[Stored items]
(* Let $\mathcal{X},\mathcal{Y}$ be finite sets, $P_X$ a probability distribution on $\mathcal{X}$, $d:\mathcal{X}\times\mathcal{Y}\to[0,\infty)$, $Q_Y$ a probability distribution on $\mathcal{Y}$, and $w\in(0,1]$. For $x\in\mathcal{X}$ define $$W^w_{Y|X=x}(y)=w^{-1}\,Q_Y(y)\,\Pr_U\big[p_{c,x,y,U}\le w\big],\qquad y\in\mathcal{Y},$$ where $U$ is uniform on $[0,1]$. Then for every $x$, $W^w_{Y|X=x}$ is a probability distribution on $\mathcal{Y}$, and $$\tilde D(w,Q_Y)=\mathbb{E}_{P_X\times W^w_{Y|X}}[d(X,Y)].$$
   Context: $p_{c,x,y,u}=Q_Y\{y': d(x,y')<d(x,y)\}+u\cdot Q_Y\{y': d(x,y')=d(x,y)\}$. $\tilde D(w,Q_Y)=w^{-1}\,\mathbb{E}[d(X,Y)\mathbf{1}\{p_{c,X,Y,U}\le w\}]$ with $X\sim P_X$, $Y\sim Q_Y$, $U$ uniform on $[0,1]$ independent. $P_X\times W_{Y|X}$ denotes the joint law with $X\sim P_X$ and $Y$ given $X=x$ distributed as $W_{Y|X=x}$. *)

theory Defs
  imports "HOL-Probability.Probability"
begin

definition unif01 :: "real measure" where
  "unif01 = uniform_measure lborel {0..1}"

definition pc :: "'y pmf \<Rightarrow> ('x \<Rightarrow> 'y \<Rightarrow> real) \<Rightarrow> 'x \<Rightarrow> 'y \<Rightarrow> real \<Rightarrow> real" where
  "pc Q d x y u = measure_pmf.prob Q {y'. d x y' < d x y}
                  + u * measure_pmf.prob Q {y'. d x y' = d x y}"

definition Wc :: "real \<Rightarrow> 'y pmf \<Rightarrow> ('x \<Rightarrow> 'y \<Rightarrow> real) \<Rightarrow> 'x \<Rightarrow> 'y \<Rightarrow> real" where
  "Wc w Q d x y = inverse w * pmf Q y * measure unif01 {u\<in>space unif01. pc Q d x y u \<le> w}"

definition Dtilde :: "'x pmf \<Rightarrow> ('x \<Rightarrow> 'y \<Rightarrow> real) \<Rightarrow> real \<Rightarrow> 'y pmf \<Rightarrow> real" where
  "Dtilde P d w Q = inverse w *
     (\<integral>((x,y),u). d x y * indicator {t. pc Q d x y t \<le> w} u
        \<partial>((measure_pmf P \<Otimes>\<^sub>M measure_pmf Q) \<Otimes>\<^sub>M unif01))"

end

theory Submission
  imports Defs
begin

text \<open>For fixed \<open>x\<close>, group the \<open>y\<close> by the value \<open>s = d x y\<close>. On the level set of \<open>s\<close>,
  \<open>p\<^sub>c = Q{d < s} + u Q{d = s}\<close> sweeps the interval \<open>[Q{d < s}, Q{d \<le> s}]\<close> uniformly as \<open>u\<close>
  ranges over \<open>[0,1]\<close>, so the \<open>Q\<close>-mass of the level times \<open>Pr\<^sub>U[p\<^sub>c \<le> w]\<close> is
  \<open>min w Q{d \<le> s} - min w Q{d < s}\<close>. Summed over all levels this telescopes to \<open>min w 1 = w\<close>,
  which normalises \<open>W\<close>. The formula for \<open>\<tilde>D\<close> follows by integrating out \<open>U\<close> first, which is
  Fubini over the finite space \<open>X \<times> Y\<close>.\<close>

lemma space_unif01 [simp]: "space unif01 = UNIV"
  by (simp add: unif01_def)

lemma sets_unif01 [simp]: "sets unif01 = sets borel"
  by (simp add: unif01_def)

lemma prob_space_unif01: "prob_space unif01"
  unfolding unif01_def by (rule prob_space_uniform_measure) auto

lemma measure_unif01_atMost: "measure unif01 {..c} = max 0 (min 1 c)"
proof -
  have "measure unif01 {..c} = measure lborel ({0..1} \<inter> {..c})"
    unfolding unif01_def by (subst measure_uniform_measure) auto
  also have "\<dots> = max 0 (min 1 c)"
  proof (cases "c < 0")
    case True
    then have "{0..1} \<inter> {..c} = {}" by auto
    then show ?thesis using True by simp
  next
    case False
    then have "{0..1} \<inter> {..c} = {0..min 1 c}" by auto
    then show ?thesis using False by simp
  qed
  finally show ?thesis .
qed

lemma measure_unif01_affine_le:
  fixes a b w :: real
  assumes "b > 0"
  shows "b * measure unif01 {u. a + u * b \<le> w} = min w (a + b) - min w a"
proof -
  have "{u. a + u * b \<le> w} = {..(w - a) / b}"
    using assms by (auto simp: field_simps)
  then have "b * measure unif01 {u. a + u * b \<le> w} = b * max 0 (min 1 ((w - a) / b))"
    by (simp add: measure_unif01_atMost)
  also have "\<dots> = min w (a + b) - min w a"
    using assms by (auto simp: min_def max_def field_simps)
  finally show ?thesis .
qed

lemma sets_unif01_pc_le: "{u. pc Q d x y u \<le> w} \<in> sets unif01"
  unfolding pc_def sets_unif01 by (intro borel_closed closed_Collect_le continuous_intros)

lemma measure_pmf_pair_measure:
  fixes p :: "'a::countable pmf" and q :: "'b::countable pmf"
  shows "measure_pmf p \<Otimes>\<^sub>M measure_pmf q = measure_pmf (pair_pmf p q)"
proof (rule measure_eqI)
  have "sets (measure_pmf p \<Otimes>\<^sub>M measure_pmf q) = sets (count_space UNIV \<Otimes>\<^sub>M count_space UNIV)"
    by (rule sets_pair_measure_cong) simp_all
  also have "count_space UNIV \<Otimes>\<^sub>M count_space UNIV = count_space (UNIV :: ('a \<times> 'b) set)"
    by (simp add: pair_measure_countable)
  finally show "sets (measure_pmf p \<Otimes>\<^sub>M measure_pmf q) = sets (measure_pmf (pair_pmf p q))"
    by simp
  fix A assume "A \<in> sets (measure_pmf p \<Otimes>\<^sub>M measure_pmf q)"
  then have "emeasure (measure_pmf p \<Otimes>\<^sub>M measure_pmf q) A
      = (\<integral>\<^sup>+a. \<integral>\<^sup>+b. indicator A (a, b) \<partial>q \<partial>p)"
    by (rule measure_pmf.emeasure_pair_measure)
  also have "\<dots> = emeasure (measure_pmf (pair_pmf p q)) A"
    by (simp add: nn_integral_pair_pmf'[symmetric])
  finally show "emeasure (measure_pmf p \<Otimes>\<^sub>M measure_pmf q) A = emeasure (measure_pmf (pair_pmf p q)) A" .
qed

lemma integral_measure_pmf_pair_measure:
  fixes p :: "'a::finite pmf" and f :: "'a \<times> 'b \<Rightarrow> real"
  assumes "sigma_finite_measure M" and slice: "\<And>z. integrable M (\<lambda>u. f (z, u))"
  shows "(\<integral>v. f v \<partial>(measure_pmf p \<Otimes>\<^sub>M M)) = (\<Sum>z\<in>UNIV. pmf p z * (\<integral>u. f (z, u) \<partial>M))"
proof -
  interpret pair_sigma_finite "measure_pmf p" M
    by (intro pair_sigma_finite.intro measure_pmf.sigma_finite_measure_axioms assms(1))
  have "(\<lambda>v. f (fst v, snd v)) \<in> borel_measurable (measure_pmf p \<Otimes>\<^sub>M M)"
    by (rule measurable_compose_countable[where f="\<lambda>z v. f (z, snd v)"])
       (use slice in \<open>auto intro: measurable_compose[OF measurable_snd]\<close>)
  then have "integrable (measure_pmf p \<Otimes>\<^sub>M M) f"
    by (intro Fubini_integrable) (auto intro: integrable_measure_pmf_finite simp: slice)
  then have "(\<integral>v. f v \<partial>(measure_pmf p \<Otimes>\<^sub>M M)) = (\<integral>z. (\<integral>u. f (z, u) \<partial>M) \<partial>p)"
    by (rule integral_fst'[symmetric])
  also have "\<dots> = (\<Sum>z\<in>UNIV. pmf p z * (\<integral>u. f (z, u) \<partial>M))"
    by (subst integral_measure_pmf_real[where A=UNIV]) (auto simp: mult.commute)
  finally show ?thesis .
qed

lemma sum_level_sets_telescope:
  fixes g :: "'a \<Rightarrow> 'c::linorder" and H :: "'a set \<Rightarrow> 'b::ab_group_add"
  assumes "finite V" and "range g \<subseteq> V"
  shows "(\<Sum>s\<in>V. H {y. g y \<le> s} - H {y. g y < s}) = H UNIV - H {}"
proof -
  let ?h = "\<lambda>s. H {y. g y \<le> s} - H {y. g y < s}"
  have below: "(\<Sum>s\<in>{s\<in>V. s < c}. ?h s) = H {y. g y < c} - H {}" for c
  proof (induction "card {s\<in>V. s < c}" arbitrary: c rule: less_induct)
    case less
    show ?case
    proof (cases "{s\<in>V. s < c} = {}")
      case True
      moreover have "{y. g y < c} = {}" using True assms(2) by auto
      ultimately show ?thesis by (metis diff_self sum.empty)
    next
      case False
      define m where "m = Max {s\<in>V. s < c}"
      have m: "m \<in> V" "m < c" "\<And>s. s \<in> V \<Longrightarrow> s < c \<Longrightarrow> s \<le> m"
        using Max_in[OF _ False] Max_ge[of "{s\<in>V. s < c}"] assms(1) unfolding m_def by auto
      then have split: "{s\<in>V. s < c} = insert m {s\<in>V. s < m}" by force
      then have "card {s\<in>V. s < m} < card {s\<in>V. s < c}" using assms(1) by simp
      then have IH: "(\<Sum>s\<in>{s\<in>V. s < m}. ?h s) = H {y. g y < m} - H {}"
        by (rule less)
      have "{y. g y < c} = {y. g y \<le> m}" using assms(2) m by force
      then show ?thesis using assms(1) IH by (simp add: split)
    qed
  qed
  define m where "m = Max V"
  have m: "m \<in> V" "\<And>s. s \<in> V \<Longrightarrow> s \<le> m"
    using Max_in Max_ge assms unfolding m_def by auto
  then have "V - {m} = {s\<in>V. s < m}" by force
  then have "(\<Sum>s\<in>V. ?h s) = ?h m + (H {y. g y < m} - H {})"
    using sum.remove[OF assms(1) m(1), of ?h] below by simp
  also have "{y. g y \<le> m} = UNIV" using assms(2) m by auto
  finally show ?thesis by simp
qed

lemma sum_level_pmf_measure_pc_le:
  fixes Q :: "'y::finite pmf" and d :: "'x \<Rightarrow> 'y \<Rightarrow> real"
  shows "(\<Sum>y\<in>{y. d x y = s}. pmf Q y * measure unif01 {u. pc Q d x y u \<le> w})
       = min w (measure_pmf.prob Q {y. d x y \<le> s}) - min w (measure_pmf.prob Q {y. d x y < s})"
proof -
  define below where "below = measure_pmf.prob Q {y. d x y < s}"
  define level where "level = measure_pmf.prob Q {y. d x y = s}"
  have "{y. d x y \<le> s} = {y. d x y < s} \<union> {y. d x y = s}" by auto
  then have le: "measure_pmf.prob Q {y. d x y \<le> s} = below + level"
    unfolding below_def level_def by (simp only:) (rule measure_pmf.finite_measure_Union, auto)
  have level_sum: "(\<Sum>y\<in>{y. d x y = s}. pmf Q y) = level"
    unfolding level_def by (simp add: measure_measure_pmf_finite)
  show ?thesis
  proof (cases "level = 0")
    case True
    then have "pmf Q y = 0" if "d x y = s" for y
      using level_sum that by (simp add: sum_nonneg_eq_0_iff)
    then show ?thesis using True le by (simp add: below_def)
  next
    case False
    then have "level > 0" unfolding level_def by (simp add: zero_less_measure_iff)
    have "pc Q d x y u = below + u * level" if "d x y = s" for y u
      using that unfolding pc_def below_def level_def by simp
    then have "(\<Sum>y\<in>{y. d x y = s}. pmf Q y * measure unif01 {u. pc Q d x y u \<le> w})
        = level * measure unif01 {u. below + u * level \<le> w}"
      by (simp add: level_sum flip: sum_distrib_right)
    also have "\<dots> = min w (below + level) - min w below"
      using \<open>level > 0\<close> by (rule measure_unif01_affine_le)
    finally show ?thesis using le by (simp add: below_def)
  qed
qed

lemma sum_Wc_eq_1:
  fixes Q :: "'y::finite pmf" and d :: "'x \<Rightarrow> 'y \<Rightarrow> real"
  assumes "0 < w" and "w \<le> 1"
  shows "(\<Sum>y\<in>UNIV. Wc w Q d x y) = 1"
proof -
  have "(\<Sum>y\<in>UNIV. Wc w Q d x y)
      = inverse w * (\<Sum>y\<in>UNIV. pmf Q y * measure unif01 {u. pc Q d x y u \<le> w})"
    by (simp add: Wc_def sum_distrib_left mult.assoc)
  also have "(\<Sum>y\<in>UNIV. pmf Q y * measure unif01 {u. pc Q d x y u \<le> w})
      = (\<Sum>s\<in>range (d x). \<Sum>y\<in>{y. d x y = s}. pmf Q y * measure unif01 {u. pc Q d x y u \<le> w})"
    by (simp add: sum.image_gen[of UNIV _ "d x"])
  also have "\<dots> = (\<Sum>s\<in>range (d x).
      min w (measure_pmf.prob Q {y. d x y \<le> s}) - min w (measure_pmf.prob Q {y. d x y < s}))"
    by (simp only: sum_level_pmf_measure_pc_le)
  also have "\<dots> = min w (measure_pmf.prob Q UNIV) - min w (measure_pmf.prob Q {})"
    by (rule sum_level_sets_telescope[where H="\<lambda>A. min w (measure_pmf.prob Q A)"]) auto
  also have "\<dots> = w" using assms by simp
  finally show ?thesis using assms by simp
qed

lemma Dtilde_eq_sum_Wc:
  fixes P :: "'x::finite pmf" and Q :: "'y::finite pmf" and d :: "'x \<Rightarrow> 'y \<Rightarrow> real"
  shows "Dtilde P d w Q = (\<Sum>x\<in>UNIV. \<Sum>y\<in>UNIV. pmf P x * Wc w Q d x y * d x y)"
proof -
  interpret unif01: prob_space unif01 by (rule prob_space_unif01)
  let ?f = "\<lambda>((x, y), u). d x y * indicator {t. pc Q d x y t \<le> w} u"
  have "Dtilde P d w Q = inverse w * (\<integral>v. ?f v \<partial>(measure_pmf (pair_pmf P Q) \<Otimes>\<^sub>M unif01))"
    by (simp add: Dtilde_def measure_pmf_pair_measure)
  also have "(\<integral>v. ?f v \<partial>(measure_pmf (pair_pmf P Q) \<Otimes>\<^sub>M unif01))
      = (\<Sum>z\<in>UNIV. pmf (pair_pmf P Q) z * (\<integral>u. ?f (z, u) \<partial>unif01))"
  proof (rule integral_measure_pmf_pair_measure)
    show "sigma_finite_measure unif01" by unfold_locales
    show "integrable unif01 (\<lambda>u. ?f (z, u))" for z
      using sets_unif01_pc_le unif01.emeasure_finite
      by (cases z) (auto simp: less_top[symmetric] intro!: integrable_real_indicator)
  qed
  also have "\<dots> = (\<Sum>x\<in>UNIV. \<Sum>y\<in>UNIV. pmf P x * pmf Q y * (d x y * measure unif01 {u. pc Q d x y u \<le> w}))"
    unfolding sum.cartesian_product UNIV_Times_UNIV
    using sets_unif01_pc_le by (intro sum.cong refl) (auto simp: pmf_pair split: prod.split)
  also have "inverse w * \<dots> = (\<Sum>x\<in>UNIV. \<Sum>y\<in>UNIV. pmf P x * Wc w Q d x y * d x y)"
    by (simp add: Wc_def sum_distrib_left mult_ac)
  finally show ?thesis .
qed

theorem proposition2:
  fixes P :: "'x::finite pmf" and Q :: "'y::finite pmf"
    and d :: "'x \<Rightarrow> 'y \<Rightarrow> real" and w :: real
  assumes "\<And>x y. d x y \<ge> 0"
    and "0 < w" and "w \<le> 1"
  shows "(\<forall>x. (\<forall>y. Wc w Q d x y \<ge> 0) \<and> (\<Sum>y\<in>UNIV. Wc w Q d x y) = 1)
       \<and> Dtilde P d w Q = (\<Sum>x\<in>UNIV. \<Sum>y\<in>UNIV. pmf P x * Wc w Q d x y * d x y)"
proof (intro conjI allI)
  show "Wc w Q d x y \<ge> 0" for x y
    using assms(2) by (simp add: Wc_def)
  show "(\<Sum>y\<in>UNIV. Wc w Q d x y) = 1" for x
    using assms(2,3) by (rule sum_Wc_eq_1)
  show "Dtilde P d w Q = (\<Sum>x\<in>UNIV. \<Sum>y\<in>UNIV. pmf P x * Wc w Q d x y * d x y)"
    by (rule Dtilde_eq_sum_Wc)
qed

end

Your objective: Check each line above for the string "assumes" and copy those that have it.

Solution for this problem:
  assumes "b > 0"
  assumes "sigma_finite_measure M" and slice: "\<And>z. integrable M (\<lambda>u. f (z, u))"
  assumes "finite V" and "range g \<subseteq> V"
  assumes "0 < w" and "w \<le> 1"
  assumes "\<And>x y. d x y \<ge> 0"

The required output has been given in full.